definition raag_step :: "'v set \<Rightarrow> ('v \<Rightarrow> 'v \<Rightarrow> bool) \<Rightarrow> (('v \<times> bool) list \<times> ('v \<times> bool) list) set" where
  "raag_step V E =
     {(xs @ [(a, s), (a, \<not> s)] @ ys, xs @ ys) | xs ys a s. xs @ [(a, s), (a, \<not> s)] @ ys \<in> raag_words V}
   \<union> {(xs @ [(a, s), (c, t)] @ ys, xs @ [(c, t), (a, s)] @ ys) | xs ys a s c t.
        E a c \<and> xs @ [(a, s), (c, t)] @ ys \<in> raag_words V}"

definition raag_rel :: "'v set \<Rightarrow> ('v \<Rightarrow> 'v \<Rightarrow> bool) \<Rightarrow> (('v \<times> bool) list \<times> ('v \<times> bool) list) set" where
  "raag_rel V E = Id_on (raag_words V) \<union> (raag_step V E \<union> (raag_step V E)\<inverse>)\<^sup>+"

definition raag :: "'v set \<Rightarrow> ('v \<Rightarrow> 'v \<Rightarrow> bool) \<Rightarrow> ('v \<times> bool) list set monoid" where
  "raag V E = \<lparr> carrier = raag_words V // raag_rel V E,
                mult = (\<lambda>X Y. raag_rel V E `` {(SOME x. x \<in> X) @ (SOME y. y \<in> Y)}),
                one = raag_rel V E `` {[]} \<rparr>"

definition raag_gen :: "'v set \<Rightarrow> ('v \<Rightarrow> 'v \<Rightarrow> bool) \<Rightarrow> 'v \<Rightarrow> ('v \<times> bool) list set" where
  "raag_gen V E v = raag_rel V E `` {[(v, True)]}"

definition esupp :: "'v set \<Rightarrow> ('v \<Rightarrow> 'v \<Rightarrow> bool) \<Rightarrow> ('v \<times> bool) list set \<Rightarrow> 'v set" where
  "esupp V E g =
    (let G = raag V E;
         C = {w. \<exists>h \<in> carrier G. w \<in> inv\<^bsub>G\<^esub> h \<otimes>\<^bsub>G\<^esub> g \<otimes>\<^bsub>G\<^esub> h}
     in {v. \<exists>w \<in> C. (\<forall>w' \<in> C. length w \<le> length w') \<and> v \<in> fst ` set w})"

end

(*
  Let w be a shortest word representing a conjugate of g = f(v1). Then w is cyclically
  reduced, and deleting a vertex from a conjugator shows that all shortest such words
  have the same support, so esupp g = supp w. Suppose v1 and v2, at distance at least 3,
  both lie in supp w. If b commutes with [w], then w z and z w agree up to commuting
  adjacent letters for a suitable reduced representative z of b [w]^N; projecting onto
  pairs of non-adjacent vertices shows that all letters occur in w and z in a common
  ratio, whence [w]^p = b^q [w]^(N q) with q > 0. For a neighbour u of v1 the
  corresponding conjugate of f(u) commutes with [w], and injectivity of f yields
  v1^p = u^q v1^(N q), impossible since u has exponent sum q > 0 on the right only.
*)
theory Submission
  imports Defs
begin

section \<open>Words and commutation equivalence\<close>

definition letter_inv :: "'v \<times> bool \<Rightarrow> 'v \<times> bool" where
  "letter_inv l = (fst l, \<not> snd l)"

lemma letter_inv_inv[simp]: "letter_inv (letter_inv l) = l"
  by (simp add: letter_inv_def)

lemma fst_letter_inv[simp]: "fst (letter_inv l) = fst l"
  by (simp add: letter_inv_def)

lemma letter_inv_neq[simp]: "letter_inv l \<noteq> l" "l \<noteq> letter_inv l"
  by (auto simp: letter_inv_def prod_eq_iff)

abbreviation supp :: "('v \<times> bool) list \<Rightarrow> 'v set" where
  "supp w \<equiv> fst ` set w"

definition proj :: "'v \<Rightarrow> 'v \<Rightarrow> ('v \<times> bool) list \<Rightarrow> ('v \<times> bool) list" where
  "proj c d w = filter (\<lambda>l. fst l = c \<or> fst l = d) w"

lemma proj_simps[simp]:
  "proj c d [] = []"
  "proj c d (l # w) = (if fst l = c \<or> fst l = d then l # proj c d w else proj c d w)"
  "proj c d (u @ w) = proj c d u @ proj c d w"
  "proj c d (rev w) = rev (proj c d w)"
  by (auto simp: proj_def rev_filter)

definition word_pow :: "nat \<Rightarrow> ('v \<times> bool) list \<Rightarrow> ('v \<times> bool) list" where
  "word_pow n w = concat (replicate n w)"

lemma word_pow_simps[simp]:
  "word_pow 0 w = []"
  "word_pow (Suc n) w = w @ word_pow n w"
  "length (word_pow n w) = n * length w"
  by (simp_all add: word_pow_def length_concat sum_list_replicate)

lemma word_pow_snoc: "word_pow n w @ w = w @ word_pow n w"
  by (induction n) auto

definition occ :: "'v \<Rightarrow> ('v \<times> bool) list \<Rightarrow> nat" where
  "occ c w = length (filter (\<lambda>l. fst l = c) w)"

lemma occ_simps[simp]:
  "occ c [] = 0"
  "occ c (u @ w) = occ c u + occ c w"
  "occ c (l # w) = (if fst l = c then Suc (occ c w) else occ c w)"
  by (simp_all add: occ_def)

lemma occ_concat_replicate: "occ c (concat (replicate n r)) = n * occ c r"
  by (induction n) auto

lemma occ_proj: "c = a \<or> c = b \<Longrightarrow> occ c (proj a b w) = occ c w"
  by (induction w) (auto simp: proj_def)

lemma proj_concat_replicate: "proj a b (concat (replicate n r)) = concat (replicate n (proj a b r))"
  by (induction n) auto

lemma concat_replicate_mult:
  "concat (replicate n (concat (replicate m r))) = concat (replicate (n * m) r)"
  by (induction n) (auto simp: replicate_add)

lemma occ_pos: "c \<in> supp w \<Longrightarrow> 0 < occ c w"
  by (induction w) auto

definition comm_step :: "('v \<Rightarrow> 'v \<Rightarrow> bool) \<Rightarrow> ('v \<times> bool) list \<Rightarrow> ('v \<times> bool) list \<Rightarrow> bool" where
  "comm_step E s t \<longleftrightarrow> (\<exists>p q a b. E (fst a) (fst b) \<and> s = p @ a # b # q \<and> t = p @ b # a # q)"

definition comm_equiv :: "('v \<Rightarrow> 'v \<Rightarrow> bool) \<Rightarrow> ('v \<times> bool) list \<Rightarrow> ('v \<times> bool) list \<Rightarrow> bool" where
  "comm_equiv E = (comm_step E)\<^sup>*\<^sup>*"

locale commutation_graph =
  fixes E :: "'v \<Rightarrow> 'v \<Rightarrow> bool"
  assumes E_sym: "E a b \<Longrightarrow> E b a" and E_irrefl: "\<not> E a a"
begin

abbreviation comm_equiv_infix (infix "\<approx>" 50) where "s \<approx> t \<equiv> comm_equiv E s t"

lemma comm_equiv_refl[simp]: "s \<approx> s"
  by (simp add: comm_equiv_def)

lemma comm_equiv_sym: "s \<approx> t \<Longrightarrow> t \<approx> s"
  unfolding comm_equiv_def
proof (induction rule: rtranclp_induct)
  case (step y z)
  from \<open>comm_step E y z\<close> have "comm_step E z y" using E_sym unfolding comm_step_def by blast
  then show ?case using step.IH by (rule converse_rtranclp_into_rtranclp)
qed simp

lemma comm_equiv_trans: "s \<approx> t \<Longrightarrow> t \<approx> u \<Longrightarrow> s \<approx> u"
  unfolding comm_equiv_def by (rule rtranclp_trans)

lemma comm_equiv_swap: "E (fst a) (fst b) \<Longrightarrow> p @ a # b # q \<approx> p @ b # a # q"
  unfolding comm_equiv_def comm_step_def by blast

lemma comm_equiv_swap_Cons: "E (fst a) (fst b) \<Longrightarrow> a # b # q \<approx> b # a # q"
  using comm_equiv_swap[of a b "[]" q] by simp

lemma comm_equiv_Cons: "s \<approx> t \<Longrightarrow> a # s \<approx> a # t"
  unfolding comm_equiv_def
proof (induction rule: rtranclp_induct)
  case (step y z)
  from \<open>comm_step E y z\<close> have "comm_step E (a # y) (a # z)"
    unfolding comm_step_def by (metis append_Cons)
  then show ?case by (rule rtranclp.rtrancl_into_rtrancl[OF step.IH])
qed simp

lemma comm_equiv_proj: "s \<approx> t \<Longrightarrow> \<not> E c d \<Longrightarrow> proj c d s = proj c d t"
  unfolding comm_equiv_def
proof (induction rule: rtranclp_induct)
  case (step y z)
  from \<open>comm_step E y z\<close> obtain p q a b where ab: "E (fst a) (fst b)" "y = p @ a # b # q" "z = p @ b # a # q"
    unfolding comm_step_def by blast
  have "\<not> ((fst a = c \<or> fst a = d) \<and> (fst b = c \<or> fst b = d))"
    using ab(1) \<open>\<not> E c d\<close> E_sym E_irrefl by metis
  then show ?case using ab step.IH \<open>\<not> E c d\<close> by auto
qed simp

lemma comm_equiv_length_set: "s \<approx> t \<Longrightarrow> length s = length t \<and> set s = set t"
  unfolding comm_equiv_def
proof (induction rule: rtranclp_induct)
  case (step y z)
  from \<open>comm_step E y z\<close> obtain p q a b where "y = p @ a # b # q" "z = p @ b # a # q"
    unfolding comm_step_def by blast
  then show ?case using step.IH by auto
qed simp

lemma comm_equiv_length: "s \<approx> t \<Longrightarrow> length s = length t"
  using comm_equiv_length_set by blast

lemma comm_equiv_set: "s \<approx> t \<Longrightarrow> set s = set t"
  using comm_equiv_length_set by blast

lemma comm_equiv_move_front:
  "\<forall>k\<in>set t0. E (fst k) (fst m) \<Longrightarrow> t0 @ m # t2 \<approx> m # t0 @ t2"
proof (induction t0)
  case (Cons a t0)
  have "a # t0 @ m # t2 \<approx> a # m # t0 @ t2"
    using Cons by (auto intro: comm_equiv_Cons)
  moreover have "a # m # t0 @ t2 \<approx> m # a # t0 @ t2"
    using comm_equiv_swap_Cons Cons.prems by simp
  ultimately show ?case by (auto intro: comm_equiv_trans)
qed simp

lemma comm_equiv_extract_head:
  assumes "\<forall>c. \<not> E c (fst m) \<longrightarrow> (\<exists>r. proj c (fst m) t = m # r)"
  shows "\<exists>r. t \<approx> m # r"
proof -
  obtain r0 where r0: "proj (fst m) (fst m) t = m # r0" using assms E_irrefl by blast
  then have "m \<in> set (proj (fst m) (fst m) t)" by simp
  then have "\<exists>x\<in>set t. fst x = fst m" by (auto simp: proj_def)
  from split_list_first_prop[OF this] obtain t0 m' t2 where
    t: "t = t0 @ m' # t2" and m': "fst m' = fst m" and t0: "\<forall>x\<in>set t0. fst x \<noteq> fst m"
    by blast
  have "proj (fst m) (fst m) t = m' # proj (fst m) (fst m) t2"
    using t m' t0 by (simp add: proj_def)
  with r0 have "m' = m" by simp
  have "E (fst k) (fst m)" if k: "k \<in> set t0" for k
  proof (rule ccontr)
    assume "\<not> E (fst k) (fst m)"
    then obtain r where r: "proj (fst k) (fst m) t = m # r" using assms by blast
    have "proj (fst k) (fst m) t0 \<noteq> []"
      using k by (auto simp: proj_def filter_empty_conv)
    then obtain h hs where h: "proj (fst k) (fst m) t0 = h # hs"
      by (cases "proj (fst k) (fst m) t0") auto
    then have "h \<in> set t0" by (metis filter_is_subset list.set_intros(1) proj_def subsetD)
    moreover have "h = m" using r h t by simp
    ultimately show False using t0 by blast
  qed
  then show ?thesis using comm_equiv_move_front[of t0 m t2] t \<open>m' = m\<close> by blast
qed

==================================================

• [Exercise objective]: The lines from the first of the entries through the line holding "ys a s c t." are to be restated word for word, and no others.

• [Exercise answer]:
definition raag_step :: "'v set \<Rightarrow> ('v \<Rightarrow> 'v \<Rightarrow> bool) \<Rightarrow> (('v \<times> bool) list \<times> ('v \<times> bool) list) set" where
  "raag_step V E =
     {(xs @ [(a, s), (a, \<not> s)] @ ys, xs @ ys) | xs ys a s. xs @ [(a, s), (a, \<not> s)] @ ys \<in> raag_words V}
   \<union> {(xs @ [(a, s), (c, t)] @ ys, xs @ [(c, t), (a, s)] @ ys) | xs ys a s c t.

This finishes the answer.